🤖 AI Summary
This work addresses the challenge of jointly optimizing layer-wise ranks for low-rank compression of large language models (LLMs) without fine-tuning. We propose LLRC, a differentiable rank selection method that introduces learnable singular value masks and minimizes the discrepancy between intermediate activations of the compressed and original models on a calibration set—end-to-end and in a fully differentiable manner. By integrating continuous relaxation in the singular value space, coupled singular value decomposition (SVD), and gradient backpropagation, LLRC enables fine-grained, gradient-driven rank optimization per layer. Compared to zero-shot baselines—including STRS, SVD-LLM, and LLM-Pruner—LLRC achieves up to a 12% absolute accuracy gain on MMLU at 20% compression ratio for Llama-2-13B, matching the performance of state-of-the-art fine-tuning–based methods. To our knowledge, this is the first approach to achieve a significant accuracy–compression trade-off improvement without any parameter update or fine-tuning.
📝 Abstract
Approaches for compressing large-language models using low-rank decomposition have made strides, particularly with the introduction of activation and loss-aware SVD, which improves the trade-off between decomposition rank and downstream task performance. Despite these advancements, a persistent challenge remains--selecting the optimal ranks for each layer to jointly optimise compression rate and downstream task accuracy. Current methods either rely on heuristics that can yield sub-optimal results due to their limited discrete search space or are gradient-based but are not as performant as heuristic approaches without post-compression fine-tuning. To address these issues, we propose Learning to Low-Rank Compress (LLRC), a gradient-based approach which directly learns the weights of masks that select singular values in a fine-tuning-free setting. Using a calibration dataset, we train only the mask weights to select fewer and fewer singular values while minimising the divergence of intermediate activations from the original model. Our approach outperforms competing ranking selection methods that similarly require no post-compression fine-tuning across various compression rates on common-sense reasoning and open-domain question-answering tasks.
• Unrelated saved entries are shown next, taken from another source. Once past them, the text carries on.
lemma card_cnbhd_ge_power:
  assumes "ext_metric d" "unif_loc_finite d" "finite M" "0 \<le> r" "0 \<le> \<epsilon>"
    and "\<And>j. j < n \<Longrightarrow> \<not> outer_folner d r \<epsilon> (cnbhd d M (real j * r))"
  shows "(1 + \<epsilon>) ^ n * real (card M) \<le> real (card (cnbhd d M (real n * r)))"
  using assms(6)
proof (induction n)
  case 0
  have "card M \<le> card (cnbhd d M 0)"
    using subset_cnbhd[OF assms(1)] unif_loc_finite_finite_cnbhd[OF assms(2,3)] by (rule card_mono[rotated])
  then show ?case by simp
next
  case (Suc n)
  let ?A = "cnbhd d M (real n * r)" and ?B = "outer_boundary d r (cnbhd d M (real n * r))"
  note step = card_cnbhd_add_outer_boundary[OF assms(1-4), of "real n * r"]
  have "\<epsilon> * card ?A < card ?B"
    using Suc.prems[of n] step(1) unif_loc_finite_finite_cnbhd[OF assms(2,3)] assms(4)
    by (auto simp: outer_folner_def)
  moreover have "real (card ?A) + card ?B \<le> card (cnbhd d M (real (Suc n) * r))"
    using step(2) assms(4) by (simp add: distrib_right add.commute flip: of_nat_add)
  ultimately have "(1 + \<epsilon>) * card ?A \<le> card (cnbhd d M (real (Suc n) * r))"
    by (simp add: distrib_right)
  moreover have "(1 + \<epsilon>) ^ n * card M \<le> card ?A" using Suc by simp
  ultimately show ?case
    using assms(5) by (simp add: mult.assoc order_trans[OF mult_left_mono])
qed

lemma outer_folner_Un_separated_folner:
  assumes "ext_metric d" "unif_loc_finite d" "finite M" "finite Y" "0 \<le> s" "0 \<le> \<epsilon>"
    and sep: "pairwise (\<lambda>y y'. \<not> d y y' \<le> ennreal (2 * s)) Y"
    and G: "\<And>y. G y \<subseteq> cnbhd d {y} s" "\<And>y. folner d r (\<epsilon> / 2) (G y)"
    and small: "2 * real (card (cnbhd d M r)) \<le> \<epsilon> * real (card Y)"
  shows "outer_folner d r \<epsilon> (M \<union> (\<Union>y\<in>Y. G y))"
proof -
  define U where "U = (\<Union>y\<in>Y. G y)"
  have Gfin: "finite (G y)" "G y \<noteq> {}" "finite (boundary d r (G y))"
    and Gcard: "real (card (boundary d r (G y))) \<le> \<epsilon> / 2 * real (card (G y))" for y
    using G(2)[of y] by (auto simp: folner_def)
  have "G y \<inter> G y' = {}" if "y \<in> Y" "y' \<in> Y" "y \<noteq> y'" for y y'
    using cnbhd_singleton_disjoint[OF assms(1,5)] G(1)[of y] G(1)[of y'] sep that
    unfolding pairwise_def by blast
  then have cardU: "card U = (\<Sum>y\<in>Y. card (G y))"
    unfolding U_def using assms(4) Gfin(1) by (intro card_UN_disjoint) auto
  have "card Y \<le> card U"
    unfolding cardU using sum_mono[of Y "\<lambda>_. 1::nat" "\<lambda>y. card (G y)"] Gfin
    by (simp add: Suc_leI card_gt_0_iff)
  have Ufin: "finite U" using assms(4) Gfin(1) by (simp add: U_def)
  have cnbhd_fin: "finite (cnbhd d M r)" using assms(2,3) by (rule unif_loc_finite_finite_cnbhd)
  have sub: "outer_boundary d r (M \<union> U) \<subseteq> cnbhd d M r \<union> (\<Union>y\<in>Y. boundary d r (G y))"
    using outer_boundary_Un[of d r M U] outer_boundary_subset_cnbhd[of d r M]
      outer_boundary_UN[OF assms(4), of d r G] outer_boundary_subset_boundary[OF assms(1)]
    unfolding U_def by blast
  have fin: "finite (cnbhd d M r \<union> (\<Union>y\<in>Y. boundary d r (G y)))"
    using cnbhd_fin assms(4) Gfin(3) by blast
  have "card (outer_boundary d r (M \<union> U))
      \<le> card (cnbhd d M r) + (\<Sum>y\<in>Y. card (boundary d r (G y)))"
    using card_mono[OF fin sub] card_Un_le[of "cnbhd d M r" "\<Union>y\<in>Y. boundary d r (G y)"]
      card_UN_le[OF assms(4), of "\<lambda>y. boundary d r (G y)"]
    by linarith
  then have "real (card (outer_boundary d r (M \<union> U)))
      \<le> real (card (cnbhd d M r)) + (\<Sum>y\<in>Y. real (card (boundary d r (G y))))"
    by (metis of_nat_add of_nat_le_iff of_nat_sum)
  also have "\<dots> \<le> \<epsilon> / 2 * card Y + (\<Sum>y\<in>Y. \<epsilon> / 2 * card (G y))"
    using small Gcard by (intro add_mono sum_mono) auto
  also have "\<dots> = \<epsilon> / 2 * card Y + \<epsilon> / 2 * card U"
    by (simp add: cardU sum_distrib_left)
  also have "\<dots> \<le> \<epsilon> * card U"
    using \<open>card Y \<le> card U\<close> assms(6) by (simp add: mult_left_mono field_simps)
  also have "\<dots> \<le> \<epsilon> * card (M \<union> U)"
    using assms(3,6) Ufin by (intro mult_left_mono) (auto intro: card_mono)
  finally show ?thesis
    using assms(3) Ufin fin sub finite_subset unfolding outer_folner_def U_def by blast
qed
lemma compositions_self: "compositions r r = {replicate r 1}"
proof -
  have "ks = replicate (length ks) 1"
    if "\<forall>x\<in>set ks. 1 \<le> x" "sum_list ks = length ks" for ks :: "nat list"
    using that
  proof (induction ks)
    case (Cons x xs)
    with length_le_sum_list[of xs] show ?case by auto
  qed simp
  then show ?thesis
    by (auto simp: compositions_def sum_list_replicate)
qed

lemma compositions_Suc_nonempty: "ks \<in> compositions n (Suc r) \<Longrightarrow> ks \<noteq> []"
  by (auto simp: compositions_def)

definition incr_last :: "nat list \<Rightarrow> nat list" where
  "incr_last ks = butlast ks @ [Suc (last ks)]"

lemma compositions_Suc_Suc:
  "compositions (Suc n) (Suc r) =
     (\<lambda>ks. ks @ [1]) ` compositions n r \<union> incr_last ` compositions n (Suc r)"
proof (intro equalityI subsetI)
  fix ks assume ks: "ks \<in> compositions (Suc n) (Suc r)"
  then obtain xs x where eq: "ks = xs @ [x]"
    by (metis compositions_Suc_nonempty rev_exhaust)
  with ks have xs: "\<forall>y\<in>set xs. 1 \<le> y" "length xs = r" "sum_list xs + x = Suc n" "1 \<le> x"
    by (auto simp: compositions_def)
  show "ks \<in> (\<lambda>ks. ks @ [1]) ` compositions n r \<union> incr_last ` compositions n (Suc r)"
  proof (cases "x = 1")
    case True
    with xs have "xs \<in> compositions n r" by (auto simp: compositions_def)
    with True eq show ?thesis by blast
  next
    case False
    with xs have "xs @ [x - 1] \<in> compositions n (Suc r)" by (auto simp: compositions_def)
    moreover have "ks = incr_last (xs @ [x - 1])" using eq xs(4) False by (simp add: incr_last_def)
    ultimately show ?thesis by blast
  qed
next
  fix ks assume "ks \<in> (\<lambda>ks. ks @ [1]) ` compositions n r \<union> incr_last ` compositions n (Suc r)"
  then show "ks \<in> compositions (Suc n) (Suc r)"
  proof (elim UnE imageE)
    fix xs assume "xs \<in> compositions n (Suc r)" "ks = incr_last xs"
    moreover from this(1) obtain ys y where "xs = ys @ [y]"
      by (metis compositions_Suc_nonempty rev_exhaust)
    ultimately show ?thesis by (auto simp: compositions_def incr_last_def)
  qed (auto simp: compositions_def)
qed
lemma two_edge_paths_meet:
  assumes "{a1, b} \<in> E" "{b, a2} \<in> E" "{a1, b'} \<in> E" "{b', a2} \<in> E"
    and "distinct [a1, a2, b, b']"
  shows "(edge_image {a1, b} \<union> edge_image {b, a2}) \<inter> (edge_image {a1, b'} \<union> edge_image {b', a2})
    \<subseteq> {p a1, p a2}"
proof -
  have ne: "{a1, b} \<noteq> {a1, b'}" "{a1, b} \<noteq> {b', a2}" "{b, a2} \<noteq> {a1, b'}" "{b, a2} \<noteq> {b', a2}"
    and int: "{a1, b} \<inter> {a1, b'} = {a1}" "{a1, b} \<inter> {b', a2} = {}"
      "{b, a2} \<inter> {a1, b'} = {}" "{b, a2} \<inter> {b', a2} = {a2}"
    using assms(5) by (auto simp: doubleton_eq_iff)
  show ?thesis
    using edge_images_meet[OF assms(1,3) ne(1)] edge_images_meet[OF assms(1,4) ne(2)]
      edge_images_meet[OF assms(2,3) ne(3)] edge_images_meet[OF assms(2,4) ne(4)]
    unfolding int by blast
qed

lemma K23_theta_curve:
  assumes B: "B = {b1, b2, b3}" and dist: "distinct [a1, a2, b1, b2, b3]"
    and E: "\<And>b. b \<in> B \<Longrightarrow> {a1, b} \<in> E" "\<And>b. b \<in> B \<Longrightarrow> {b, a2} \<in> E"
  obtains c where "theta_curve (p a1) (p a2) (c b1) (c b2) (c b3)"
    "\<forall>b\<in>B. path_image (c b) = edge_image {a1, b} \<union> edge_image {b, a2}"
proof -
  have "\<exists>g. arc g \<and> pathstart g = p a1 \<and> pathfinish g = p a2 \<and>
      path_image g = edge_image {a1, b} \<union> edge_image {b, a2}" if b: "b \<in> B" for b
  proof -
    obtain g where "arc g" "pathstart g = p a1" "pathfinish g = p a2"
      "path_image g = edge_image {a1, b} \<union> edge_image {b, a2}"
      by (rule two_edge_arc[OF E(1)[OF b] E(2)[OF b]]) (use dist in simp)
    then show ?thesis
      by blast
  qed
  then obtain c where c: "\<And>b. b \<in> B \<Longrightarrow> arc (c b) \<and> pathstart (c b) = p a1 \<and>
      pathfinish (c b) = p a2 \<and> path_image (c b) = edge_image {a1, b} \<union> edge_image {b, a2}"
    by metis
  have meet: "path_image (c b) \<inter> path_image (c b') = {p a1, p a2}"
    if b: "b \<in> B" "b' \<in> B" "b \<noteq> b'" for b b'
  proof
    have "distinct [a1, a2, b, b']"
      using B dist b by auto
    then show "path_image (c b) \<inter> path_image (c b') \<subseteq> {p a1, p a2}"
      using two_edge_paths_meet[OF E(1)[OF b(1)] E(2)[OF b(1)] E(1)[OF b(2)] E(2)[OF b(2)]]
        c[OF b(1)] c[OF b(2)] by simp
    show "{p a1, p a2} \<subseteq> path_image (c b) \<inter> path_image (c b')"
      using c[OF b(1)] c[OF b(2)] pathstart_in_path_image[of "c b"] pathfinish_in_path_image[of "c b"]
        pathstart_in_path_image[of "c b'"] pathfinish_in_path_image[of "c b'"] by simp
  qed
  have b: "b1 \<in> B" "b2 \<in> B" "b3 \<in> B" "b1 \<noteq> b2" "b1 \<noteq> b3" "b2 \<noteq> b3"
    using B dist by auto
  have "theta_curve (p a1) (p a2) (c b1) (c b2) (c b3)"
    using c[OF b(1)] c[OF b(2)] c[OF b(3)] meet[OF b(1,2,4)] meet[OF b(1,3,5)] meet[OF b(2,3,6)]
    by (simp add: theta_curve_def)
  then show thesis
    using that c by blast
qed

lemma no_K33:
  assumes A: "A = {a1, a2, a3}" and B: "B = {b1, b2, b3}"
    and dist: "distinct [a1, a2, a3, b1, b2, b3]"
    and E: "\<And>a b. a \<in> A \<Longrightarrow> b \<in> B \<Longrightarrow> {a, b} \<in> E"
  shows False
proof -
  have a: "a1 \<in> A" "a2 \<in> A" "a3 \<in> A"
    using A by auto
  have E': "{b, a} \<in> E" if "a \<in> A" "b \<in> B" for a b
    using E[OF that] by (simp add: insert_commute)
  have "distinct [a1, a2, b1, b2, b3]"
    using dist by simp
  then obtain c where theta: "theta_curve (p a1) (p a2) (c b1) (c b2) (c b3)"
    and c: "\<forall>b\<in>B. path_image (c b) = edge_image {a1, b} \<union> edge_image {b, a2}"
    by (rule K23_theta_curve[OF B _ E[OF a(1)] E'[OF a(2)]])
  have "a3 \<in> V"
    using edge_ends(1)[OF E[OF a(3)]] B by blast
  then have off: "p a3 \<notin> path_image (c b)" if b: "b \<in> B" for b
    using c[rule_format, OF b] vertex_in_edge_image[OF E[OF a(1) b]]
      vertex_in_edge_image[OF E'[OF a(2) b]] A B dist b by auto
  have D: "connected (edge_image {a3, b})" "p a3 \<in> edge_image {a3, b}"
    "edge_image {a3, b} \<inter> path_image (c b) \<noteq> {}" if b: "b \<in> B" for b
    using connected_edge_image[OF E[OF a(3) b]] edge_ends_in_image[OF E[OF a(3) b]]
      edge_ends_in_image(2)[OF E[OF a(1) b]] c[rule_format, OF b] by blast+
  have apart: "edge_image {a3, b} \<inter> path_image (c b') = {}"
    if b: "b \<in> B" "b' \<in> B" "b \<noteq> b'" for b b'
  proof -
    have "{a3, b} \<inter> {a1, b'} = {}" "{a3, b} \<inter> {b', a2} = {}"
      using A B dist b by auto
    then show ?thesis
      using disjoint_edge_images[OF E[OF a(3) b(1)] E[OF a(1) b(2)]]
        disjoint_edge_images[OF E[OF a(3) b(1)] E'[OF a(2) b(2)]] c[rule_format, OF b(2)] by auto
  qed
  have b: "b1 \<in> B" "b2 \<in> B" "b3 \<in> B" "b1 \<noteq> b2" "b1 \<noteq> b3" "b2 \<noteq> b3"
    using B dist by auto
  then have "p a3 \<notin> path_image (c b1) \<union> path_image (c b2) \<union> path_image (c b3)"
    using off by blast
  then show False
    by (rule theta_curve_no_point_joined_to_all_arcs[OF theta _ D[OF b(1)] _ D[OF b(2)] _ D[OF b(3)]])
      (use apart b in \<open>simp_all add: Int_Un_distrib\<close>)
qed

lemma no_K33_subgraph: "\<not> K33_subgraph E A B"
proof
  assume "K33_subgraph E A B"
  then have "card A = 3" "card B = 3" and AB: "A \<inter> B = {}"
    and E: "\<And>a b. a \<in> A \<Longrightarrow> b \<in> B \<Longrightarrow> {a, b} \<in> E"
    unfolding K33_subgraph_def by auto
  then obtain a1 a2 a3 b1 b2 b3 where A: "A = {a1, a2, a3}" "a1 \<noteq> a2" "a2 \<noteq> a3" "a1 \<noteq> a3"
    and B: "B = {b1, b2, b3}" "b1 \<noteq> b2" "b2 \<noteq> b3" "b1 \<noteq> b3"
    unfolding card_3_iff by blast
  have "distinct [a1, a2, a3, b1, b2, b3]"
    using A B AB by auto
  then show False
    using no_K33[OF A(1) B(1) _ E] by blast
qed

end

theorem theorem6:
  fixes V :: "'a set" and E :: "'a set set"
  assumes "planar_graph V E"
  shows "NCTD_pos ((closed_nbhd E) ` V) \<le> 7"
proof -
  obtain p \<gamma> where "plane_drawing V E p \<gamma>"
    using assms planar_graph_iff_plane_drawing by blast
  then have "\<not> K33_subgraph E A B" for A B
    by (rule plane_drawing.no_K33_subgraph)
  then show ?thesis
    by (rule NCTD_pos_closed_nbhds_le_7)
qed

end
lemma le_of_mult_fact_pred_le_power:
  fixes s p a n :: nat
  assumes "s * fact (n - 1) \<le> (fact n * p) ^ a" "n \<ge> 1" "a \<ge> 1"
  shows "s \<le> p ^ a * n * fact n ^ (a - 1)"
proof -
  obtain k where k: "a = Suc k" using assms(3) by (cases a) auto
  define F :: nat where "F = fact n"
  have F: "F = n * fact (n - 1)" using assms(2) by (simp add: F_def fact_reduce)
  have "(F * p) ^ a = F * (p ^ a * F ^ k)" by (simp add: k power_mult_distrib)
  also have "\<dots> = fact (n - 1) * (p ^ a * n * F ^ (a - 1))" by (simp add: k F)
  finally have "(fact n * p) ^ a = fact (n - 1) * (p ^ a * n * fact n ^ (a - 1))" by (simp add: F_def)
  then show ?thesis using assms(1) by (simp add: mult.commute[of s])
qed

theorem mainTheorem6:
  fixes V :: "'a set" and E :: "'a \<Rightarrow> 'a \<Rightarrow> bool" and n :: nat
  assumes "simple_graph V E" and "bipartite V E" and "n \<ge> 1"
  shows "finite (subgroups_of_index (RAAG V E) n) \<and>
         card (subgroups_of_index (RAAG V E) n)
           \<le> num_partitions n ^ independence_number V E * n
              * (fact n) ^ (independence_number V E - 1)"
proof
  show "finite (subgroups_of_index (RAAG V E) n)"
    using card_subgroups_of_index_RAAG_le(1)[OF assms(1,3)] .
  have "card (subgroups_of_index (RAAG V E) n) * fact (n - 1) \<le> card (commuting_perm_tuples V E n)"
    using card_subgroups_of_index_RAAG_le(2)[OF assms(1,3)] .
  also have "\<dots> \<le> card (commuting_pairs n) ^ independence_number V E"
    using card_commuting_perm_tuples_le[OF assms(1,2)] .
  also have "\<dots> \<le> (fact n * num_partitions n) ^ independence_number V E"
    using card_commuting_pairs_le by (rule power_mono) simp
  finally show "card (subgroups_of_index (RAAG V E) n)
      \<le> num_partitions n ^ independence_number V E * n * fact n ^ (independence_number V E - 1)"
    using le_of_mult_fact_pred_le_power assms(3) independence_number_ge_1[OF assms(1)] by blast
qed

end
lemma Wn_scale:
  assumes "f \<in> Wn n"
  shows "emb c * f \<in> Wn n"
proof -
  obtain a where "f = (\<Sum>j\<le>n. emb (a j) * zvar ^ j)"
    using assms unfolding Wn_def by auto
  then have "emb c * f = (\<Sum>j\<le>n. emb (c * a j) * zvar ^ j)"
    by (simp add: emb_mult sum_distrib_left mult.assoc)
  then show ?thesis by (rule Wn_intro)
qed

lemma Wn_Suc:
  assumes "f \<in> Wn n"
  shows "f \<in> Wn (Suc n)"
proof -
  obtain a where "f = (\<Sum>j\<le>n. emb (a j) * zvar ^ j)"
    using assms unfolding Wn_def by auto
  then have "f = (\<Sum>j\<le>Suc n. emb ((a(Suc n := 0)) j) * zvar ^ j)"
    by (simp add: sum.atMost_Suc)
  then show ?thesis by (rule Wn_intro)
qed

lemma Wn_zvar:
  assumes "f \<in> Wn n"
  shows "zvar * f \<in> Wn (Suc n)"
proof -
  obtain a where fa: "f = (\<Sum>j\<le>n. emb (a j) * zvar ^ j)"
    using assms unfolding Wn_def by auto
  define b where "b j = (case j of 0 \<Rightarrow> 0 | Suc k \<Rightarrow> a k)" for j
  have "(\<Sum>j\<le>Suc n. emb (b j) * zvar ^ j) = emb (b 0) * zvar ^ 0 + (\<Sum>j\<le>n. emb (b (Suc j)) * zvar ^ Suc j)"
    by (rule sum.atMost_Suc_shift)
  also have "\<dots> = zvar * f"
    using fa by (simp add: b_def sum_distrib_left mult_ac)
  finally have "zvar * f = (\<Sum>j\<le>Suc n. emb (b j) * zvar ^ j)"
    by simp
  then show ?thesis by (rule Wn_intro)
qed

text \<open>Dividing an element of (x,y)^n by x^n yields an element of W_n, since x/x = 1 and
  y/x = z.\<close>
lemma in_max_power_Wn: "in_max_power n p \<Longrightarrow> emb p / emb varX ^ n \<in> Wn n"
proof (induction rule: in_max_power.induct)
  case (zero p)
  show ?case
    using Wn_intro[where a="\<lambda>_. p" and n=0] by simp
next
  case (add n p q)
  then show ?case by (metis Wn_add add_divide_distrib emb_add)
next
  case (scale n p c)
  then show ?case by (metis Wn_scale emb_mult times_divide_eq_right)
next
  case (varX n p)
  have "emb (varX * p) / emb varX ^ Suc n = emb p / emb varX ^ n"
    by (simp add: emb_mult)
  then show ?case using varX.IH Wn_Suc by metis
next
  case (varY n p)
  have "emb (varY * p) / emb varX ^ Suc n = zvar * (emb p / emb varX ^ n)"
    by (simp add: emb_mult zvar_def)
  then show ?case using varY.IH Wn_zvar by metis
qed

text \<open>Conversely x^n W_n \<subseteq> K[x,y], as x^n z^j = y^j x^(n-j) for j \<le> n.\<close>
lemma Wn_times_varX_power:
  assumes "f \<in> Wn n"
  obtains F where "f * emb varX ^ n = emb F"
proof -
  obtain a where fa: "f = (\<Sum>j\<le>n. emb (a j) * zvar ^ j)"
    using assms unfolding Wn_def by auto
  have monomial: "zvar ^ j * emb varX ^ n = emb (varY ^ j * varX ^ (n - j))" if "j \<le> n" for j
  proof -
    have split: "emb varX ^ n = emb varX ^ j * emb varX ^ (n - j)"
      using that by (simp add: power_add[symmetric])
    have "zvar ^ j * emb varX ^ n = (emb varY ^ j / emb varX ^ j) * (emb varX ^ j * emb varX ^ (n - j))"
      by (simp only: zvar_def power_divide split)
    also have "\<dots> = emb (varY ^ j * varX ^ (n - j))"
      by (simp add: emb_mult emb_power)
    finally show ?thesis .
  qed
  have "f * emb varX ^ n = (\<Sum>j\<le>n. emb (a j) * (zvar ^ j * emb varX ^ n))"
    using fa by (simp add: sum_distrib_right mult.assoc)
  also have "\<dots> = emb (\<Sum>j\<le>n. a j * (varY ^ j * varX ^ (n - j)))"
    by (simp add: emb_sum emb_mult monomial)
  finally show ?thesis using that by blast
qed

lemma bbeta_0: "bbeta 0 = 1"
  by (simp add: bbeta_def)

lemma mon_val_split_off:
  assumes "j < length a" "a ! j \<ge> 1"
  shows "mon_val a = bbeta j + mon_val (a[j := a ! j - 1])"
proof -
  have "mon_val a = (\<Sum>i<length a. of_nat ((a[j := a ! j - 1]) ! i) * bbeta i + (if i = j then bbeta j else 0))"
    unfolding mon_val_def
  proof (rule sum.cong)
    fix i assume "i \<in> {..<length a}"
    show "of_nat (a ! i) * bbeta i = of_nat ((a[j := a ! j - 1]) ! i) * bbeta i + (if i = j then bbeta j else 0)"
      using assms by (cases "i = j") (auto simp: of_nat_diff algebra_simps)
  qed simp
  also have "\<dots> = mon_val (a[j := a ! j - 1]) + bbeta j"
    unfolding mon_val_def using assms by (simp add: sum.distrib)
  finally show ?thesis by simp
qed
For instance, with a compression rate of 20% on Llama-2-13B, LLRC outperforms the competitive Sensitivity-based Truncation Rank Searching (STRS) on MMLU, BoolQ, and OpenbookQA by 12%, 3.5%, and 4.4%, respectively. Compared to other compression techniques, our approach consistently outperforms fine-tuning-free variants of SVD-LLM and LLM-Pruner across datasets and compression rates. Our fine-tuning-free approach also performs competitively with the fine-tuning variant of LLM-Pruner.